INSTRUCTIONS TO FOLLOW
Which lines below hold the word "moreover"? Copy all of them.

◆ ◆ ◆ ◆ ◆ ◆ ◆

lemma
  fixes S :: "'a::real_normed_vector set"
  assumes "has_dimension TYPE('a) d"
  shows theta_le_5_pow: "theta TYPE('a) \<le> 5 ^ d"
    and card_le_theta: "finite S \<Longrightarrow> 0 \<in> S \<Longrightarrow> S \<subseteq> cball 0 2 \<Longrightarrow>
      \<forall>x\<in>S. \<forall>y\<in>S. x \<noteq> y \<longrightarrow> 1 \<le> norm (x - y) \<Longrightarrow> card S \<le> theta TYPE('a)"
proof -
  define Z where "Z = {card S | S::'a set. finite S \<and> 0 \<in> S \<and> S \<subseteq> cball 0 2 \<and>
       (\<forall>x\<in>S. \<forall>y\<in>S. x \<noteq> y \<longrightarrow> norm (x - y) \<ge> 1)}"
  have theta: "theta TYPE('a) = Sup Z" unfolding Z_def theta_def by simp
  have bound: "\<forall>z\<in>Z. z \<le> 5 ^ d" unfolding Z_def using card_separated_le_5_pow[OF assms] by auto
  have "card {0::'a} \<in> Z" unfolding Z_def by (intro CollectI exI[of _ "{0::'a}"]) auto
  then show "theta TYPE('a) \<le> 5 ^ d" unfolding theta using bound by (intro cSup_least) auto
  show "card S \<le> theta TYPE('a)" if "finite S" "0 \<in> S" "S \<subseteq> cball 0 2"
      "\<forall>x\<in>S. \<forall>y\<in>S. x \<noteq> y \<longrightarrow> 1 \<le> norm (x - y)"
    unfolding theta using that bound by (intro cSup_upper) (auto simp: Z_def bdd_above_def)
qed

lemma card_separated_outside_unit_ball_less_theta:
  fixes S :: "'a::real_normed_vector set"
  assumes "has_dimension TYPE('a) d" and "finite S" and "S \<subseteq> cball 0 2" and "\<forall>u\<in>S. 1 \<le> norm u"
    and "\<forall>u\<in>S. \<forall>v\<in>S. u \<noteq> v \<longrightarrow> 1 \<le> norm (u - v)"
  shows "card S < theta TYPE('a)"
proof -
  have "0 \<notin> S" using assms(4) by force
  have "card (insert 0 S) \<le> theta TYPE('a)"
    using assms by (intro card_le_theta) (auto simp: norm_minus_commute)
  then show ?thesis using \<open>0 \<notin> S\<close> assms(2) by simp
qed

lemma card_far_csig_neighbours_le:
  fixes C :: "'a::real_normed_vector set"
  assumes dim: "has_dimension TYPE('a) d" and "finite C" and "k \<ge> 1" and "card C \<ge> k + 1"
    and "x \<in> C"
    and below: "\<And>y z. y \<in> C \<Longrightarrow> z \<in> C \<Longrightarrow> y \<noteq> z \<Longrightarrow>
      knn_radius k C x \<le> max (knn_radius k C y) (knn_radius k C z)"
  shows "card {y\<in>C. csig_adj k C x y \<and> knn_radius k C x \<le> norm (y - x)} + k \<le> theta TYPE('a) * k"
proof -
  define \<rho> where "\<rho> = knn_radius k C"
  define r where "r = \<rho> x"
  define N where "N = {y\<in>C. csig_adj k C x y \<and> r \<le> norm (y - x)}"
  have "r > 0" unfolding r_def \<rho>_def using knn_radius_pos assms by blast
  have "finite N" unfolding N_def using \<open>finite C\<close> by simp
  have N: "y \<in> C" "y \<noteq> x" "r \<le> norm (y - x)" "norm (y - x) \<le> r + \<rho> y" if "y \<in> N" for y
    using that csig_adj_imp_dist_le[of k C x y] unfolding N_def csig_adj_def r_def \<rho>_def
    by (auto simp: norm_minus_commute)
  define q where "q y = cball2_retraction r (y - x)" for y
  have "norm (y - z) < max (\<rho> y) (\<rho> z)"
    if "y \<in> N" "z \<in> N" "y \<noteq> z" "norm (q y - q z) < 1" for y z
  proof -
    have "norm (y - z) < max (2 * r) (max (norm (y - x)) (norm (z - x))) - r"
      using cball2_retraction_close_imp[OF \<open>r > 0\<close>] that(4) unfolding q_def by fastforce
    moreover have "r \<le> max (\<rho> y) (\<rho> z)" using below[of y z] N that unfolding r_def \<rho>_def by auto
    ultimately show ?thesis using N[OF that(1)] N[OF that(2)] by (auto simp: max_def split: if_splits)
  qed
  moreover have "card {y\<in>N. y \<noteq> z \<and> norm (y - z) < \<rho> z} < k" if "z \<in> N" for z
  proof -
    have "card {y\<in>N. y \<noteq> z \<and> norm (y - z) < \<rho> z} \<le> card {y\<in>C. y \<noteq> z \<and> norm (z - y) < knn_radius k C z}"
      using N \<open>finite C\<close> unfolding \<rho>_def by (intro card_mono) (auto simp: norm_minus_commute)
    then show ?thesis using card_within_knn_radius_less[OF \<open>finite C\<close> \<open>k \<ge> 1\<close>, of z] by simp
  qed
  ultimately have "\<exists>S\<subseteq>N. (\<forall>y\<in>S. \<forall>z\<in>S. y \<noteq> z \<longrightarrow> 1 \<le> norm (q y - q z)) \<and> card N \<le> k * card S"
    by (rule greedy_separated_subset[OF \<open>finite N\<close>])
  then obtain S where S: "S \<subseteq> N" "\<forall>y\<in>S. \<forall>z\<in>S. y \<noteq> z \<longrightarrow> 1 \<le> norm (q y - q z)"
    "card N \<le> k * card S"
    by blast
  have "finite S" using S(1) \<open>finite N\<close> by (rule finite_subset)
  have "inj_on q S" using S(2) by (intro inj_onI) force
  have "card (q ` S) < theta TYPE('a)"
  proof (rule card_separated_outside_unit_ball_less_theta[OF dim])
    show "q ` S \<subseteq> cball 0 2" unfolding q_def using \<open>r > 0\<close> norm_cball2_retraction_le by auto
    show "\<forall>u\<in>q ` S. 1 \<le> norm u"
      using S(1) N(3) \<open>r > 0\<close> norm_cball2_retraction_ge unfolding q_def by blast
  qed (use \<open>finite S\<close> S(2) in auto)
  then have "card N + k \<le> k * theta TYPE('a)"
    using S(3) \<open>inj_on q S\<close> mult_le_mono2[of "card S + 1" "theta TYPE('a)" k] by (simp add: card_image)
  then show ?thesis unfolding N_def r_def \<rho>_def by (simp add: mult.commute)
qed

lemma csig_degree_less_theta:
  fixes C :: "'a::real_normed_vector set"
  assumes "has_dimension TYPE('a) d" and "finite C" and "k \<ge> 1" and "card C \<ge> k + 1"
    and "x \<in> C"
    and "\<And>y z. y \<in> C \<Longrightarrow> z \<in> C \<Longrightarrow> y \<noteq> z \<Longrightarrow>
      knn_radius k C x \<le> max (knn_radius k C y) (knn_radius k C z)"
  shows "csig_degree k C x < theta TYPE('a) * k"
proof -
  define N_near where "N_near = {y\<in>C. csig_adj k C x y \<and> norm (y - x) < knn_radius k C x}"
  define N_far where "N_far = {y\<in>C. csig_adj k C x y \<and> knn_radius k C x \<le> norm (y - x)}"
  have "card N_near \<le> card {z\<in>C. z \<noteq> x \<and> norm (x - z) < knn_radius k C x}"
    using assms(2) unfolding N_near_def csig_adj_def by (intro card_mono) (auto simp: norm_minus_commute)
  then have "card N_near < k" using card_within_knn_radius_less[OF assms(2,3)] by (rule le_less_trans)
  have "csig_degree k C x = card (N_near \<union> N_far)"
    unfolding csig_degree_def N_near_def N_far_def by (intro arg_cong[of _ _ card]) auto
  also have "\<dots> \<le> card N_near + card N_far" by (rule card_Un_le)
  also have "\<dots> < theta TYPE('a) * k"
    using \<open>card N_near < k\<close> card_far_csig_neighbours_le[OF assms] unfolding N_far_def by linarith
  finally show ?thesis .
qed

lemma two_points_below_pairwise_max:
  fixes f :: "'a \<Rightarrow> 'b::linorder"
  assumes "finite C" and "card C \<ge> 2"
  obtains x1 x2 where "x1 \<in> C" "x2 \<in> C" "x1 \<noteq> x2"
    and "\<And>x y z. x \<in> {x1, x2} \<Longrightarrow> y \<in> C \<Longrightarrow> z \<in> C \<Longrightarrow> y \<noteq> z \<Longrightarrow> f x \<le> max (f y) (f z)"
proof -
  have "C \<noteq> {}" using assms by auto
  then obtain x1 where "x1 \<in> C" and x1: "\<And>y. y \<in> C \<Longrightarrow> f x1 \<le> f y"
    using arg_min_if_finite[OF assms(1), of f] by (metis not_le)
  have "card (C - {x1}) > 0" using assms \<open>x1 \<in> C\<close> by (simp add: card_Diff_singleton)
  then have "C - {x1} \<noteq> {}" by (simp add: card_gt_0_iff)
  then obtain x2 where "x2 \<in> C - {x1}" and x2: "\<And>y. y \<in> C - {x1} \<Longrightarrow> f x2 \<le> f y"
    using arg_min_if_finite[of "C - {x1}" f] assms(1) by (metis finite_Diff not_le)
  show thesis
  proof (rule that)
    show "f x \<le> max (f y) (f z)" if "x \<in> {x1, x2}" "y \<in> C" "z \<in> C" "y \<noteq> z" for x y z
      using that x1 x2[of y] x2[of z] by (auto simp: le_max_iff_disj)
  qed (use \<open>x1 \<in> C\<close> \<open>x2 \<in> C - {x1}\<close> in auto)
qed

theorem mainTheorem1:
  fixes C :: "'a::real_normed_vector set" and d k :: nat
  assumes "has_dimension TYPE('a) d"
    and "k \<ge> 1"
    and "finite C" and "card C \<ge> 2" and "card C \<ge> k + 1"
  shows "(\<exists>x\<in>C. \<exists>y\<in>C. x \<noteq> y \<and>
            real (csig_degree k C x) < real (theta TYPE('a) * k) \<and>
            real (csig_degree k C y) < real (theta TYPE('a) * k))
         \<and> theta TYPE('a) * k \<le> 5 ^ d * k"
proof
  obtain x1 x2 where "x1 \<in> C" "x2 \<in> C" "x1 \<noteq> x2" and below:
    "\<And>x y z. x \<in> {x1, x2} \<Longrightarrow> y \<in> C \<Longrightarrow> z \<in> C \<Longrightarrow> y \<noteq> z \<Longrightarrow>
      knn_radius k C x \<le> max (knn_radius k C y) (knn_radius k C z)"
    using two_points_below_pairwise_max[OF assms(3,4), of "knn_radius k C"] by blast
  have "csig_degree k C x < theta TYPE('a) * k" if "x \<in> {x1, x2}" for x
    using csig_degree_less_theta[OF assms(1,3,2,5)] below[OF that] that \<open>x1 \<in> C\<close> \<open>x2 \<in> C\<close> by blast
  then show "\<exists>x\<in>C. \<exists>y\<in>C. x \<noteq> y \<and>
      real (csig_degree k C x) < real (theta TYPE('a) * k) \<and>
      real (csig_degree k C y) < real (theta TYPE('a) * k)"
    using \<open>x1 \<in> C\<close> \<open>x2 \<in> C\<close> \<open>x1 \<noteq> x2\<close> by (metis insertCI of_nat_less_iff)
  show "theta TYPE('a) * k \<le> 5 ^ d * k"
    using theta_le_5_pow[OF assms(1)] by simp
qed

◆ ◆ ◆ ◆ ◆ ◆ ◆

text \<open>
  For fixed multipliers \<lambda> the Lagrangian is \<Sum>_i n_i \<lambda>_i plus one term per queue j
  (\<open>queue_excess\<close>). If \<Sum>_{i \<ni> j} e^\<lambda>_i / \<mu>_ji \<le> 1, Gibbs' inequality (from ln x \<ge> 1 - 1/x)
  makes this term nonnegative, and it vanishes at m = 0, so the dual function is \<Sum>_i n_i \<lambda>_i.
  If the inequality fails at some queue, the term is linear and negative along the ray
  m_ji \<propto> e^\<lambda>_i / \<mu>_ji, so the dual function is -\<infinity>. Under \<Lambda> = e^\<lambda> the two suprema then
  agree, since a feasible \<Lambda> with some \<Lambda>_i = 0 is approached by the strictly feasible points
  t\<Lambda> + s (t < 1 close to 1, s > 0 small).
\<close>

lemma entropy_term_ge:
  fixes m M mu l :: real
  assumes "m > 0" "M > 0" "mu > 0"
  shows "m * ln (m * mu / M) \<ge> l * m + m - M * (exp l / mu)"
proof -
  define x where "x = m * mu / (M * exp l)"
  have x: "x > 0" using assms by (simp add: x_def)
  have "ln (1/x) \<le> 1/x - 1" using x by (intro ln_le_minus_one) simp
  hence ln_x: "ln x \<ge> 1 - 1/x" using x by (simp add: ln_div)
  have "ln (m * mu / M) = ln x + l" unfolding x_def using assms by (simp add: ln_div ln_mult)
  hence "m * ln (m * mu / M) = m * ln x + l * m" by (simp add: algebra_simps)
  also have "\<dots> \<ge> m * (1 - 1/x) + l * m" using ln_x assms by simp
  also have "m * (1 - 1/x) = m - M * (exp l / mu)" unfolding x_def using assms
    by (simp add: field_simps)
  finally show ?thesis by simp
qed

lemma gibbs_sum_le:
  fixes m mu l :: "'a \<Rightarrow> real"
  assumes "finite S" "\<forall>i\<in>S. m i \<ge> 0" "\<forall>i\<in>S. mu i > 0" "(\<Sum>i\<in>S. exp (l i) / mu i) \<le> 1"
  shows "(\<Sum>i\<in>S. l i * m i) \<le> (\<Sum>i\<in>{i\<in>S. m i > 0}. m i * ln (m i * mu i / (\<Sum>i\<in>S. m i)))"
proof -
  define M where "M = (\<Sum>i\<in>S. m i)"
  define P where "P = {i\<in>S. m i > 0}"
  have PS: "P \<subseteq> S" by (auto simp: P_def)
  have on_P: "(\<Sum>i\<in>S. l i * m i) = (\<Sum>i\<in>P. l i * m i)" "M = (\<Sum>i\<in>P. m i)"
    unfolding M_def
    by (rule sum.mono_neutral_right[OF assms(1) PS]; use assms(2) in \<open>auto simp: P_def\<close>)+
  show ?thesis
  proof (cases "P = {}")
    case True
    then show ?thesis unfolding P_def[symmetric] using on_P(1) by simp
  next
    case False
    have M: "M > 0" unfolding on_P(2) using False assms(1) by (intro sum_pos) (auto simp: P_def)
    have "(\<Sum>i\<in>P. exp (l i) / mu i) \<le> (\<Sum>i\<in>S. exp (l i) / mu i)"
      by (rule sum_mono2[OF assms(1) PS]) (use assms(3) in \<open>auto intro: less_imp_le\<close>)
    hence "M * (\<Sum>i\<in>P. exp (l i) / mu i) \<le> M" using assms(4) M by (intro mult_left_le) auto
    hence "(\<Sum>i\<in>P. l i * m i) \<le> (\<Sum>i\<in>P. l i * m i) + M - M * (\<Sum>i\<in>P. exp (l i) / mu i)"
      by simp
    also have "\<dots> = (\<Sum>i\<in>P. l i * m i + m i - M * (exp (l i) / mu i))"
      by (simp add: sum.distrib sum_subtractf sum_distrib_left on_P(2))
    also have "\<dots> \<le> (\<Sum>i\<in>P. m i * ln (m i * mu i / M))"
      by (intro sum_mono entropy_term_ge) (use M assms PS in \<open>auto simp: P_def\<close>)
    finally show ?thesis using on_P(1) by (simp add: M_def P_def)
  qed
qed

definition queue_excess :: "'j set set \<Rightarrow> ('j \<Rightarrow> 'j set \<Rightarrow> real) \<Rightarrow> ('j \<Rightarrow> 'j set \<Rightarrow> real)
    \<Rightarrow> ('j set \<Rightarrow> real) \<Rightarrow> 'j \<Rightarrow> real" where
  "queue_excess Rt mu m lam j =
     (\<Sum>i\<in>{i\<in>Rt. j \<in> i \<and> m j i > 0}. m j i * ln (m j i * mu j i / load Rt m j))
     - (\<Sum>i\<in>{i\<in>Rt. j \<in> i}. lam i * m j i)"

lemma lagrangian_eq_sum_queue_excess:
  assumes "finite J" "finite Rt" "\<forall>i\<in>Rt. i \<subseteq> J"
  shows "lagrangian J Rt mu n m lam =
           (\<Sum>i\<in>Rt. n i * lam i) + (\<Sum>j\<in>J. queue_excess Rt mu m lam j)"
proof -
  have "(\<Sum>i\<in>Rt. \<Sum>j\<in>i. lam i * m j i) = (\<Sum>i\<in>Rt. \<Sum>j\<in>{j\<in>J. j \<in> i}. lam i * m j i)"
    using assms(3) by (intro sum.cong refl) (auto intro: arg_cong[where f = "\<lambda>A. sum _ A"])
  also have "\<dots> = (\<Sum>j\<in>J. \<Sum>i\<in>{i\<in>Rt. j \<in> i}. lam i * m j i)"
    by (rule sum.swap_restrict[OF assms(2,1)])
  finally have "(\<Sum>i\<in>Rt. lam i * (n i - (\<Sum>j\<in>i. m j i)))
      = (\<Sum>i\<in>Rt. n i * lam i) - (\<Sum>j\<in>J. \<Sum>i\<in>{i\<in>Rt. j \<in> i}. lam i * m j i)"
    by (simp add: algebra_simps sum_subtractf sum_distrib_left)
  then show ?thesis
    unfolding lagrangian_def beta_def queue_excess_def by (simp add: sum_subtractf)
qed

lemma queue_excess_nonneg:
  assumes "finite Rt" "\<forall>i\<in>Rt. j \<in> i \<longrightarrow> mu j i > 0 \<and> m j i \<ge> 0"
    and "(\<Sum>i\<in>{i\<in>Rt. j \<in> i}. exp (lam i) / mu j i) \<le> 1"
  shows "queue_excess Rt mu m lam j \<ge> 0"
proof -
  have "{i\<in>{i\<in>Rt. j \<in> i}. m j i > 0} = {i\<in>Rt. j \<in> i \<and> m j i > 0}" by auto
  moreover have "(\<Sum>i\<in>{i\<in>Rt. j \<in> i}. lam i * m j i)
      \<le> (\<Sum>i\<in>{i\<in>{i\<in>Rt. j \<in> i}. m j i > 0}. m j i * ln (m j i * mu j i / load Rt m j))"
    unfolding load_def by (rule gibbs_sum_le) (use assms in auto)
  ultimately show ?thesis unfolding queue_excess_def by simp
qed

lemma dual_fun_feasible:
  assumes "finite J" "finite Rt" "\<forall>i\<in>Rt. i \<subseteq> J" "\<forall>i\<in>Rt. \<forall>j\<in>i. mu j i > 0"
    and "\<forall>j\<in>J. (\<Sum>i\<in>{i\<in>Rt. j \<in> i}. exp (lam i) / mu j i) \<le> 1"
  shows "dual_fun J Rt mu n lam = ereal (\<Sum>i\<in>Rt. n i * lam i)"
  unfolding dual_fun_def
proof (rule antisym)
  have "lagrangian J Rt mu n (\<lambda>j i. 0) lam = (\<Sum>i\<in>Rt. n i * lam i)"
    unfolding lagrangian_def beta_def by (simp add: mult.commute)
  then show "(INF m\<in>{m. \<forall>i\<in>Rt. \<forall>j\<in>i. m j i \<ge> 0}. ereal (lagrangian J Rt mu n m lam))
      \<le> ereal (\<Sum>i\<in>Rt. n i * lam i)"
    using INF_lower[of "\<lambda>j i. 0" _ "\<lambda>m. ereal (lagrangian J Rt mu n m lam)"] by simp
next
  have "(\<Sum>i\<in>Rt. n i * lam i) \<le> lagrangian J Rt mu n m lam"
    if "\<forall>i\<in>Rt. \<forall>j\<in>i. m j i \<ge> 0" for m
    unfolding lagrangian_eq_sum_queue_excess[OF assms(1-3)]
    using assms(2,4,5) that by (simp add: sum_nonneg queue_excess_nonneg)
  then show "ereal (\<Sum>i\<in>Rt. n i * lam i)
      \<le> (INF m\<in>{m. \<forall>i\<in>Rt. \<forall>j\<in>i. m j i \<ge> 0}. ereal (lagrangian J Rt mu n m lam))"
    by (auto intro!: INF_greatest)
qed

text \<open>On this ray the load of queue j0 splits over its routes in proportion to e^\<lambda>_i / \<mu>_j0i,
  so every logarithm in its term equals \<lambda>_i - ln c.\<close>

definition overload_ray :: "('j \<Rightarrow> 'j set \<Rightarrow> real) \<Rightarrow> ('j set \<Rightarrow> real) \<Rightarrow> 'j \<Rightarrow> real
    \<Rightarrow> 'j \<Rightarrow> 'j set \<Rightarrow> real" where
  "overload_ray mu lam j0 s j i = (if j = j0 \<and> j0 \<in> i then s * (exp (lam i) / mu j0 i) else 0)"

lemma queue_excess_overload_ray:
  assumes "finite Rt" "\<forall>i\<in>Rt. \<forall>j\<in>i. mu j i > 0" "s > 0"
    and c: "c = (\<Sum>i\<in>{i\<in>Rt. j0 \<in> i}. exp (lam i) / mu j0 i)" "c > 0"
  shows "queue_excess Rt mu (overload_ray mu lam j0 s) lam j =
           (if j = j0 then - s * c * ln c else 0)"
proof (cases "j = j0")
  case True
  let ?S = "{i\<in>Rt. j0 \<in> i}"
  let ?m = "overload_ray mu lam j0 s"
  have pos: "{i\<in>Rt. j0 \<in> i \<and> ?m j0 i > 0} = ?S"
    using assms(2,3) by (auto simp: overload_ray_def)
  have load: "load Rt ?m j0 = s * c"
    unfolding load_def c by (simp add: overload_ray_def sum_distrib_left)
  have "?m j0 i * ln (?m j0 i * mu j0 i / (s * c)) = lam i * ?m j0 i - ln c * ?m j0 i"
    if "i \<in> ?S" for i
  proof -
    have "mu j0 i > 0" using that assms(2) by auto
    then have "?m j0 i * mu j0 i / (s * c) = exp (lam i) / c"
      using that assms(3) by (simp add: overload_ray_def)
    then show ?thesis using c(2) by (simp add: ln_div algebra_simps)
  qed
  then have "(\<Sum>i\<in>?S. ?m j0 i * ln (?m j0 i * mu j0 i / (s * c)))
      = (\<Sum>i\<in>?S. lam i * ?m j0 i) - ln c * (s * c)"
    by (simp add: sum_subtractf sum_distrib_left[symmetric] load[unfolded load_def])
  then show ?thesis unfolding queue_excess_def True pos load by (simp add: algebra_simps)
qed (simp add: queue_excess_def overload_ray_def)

◆ ◆ ◆ ◆ ◆ ◆ ◆

REPLY TO THE EXERCISE
    moreover have "r \<le> max (\<rho> y) (\<rho> z)" using below[of y z] N that unfolding r_def \<rho>_def by auto
  moreover have "card {y\<in>N. y \<noteq> z \<and> norm (y - z) < \<rho> z} < k" if "z \<in> N" for z
  moreover have "(\<Sum>i\<in>{i\<in>Rt. j \<in> i}. lam i * m j i)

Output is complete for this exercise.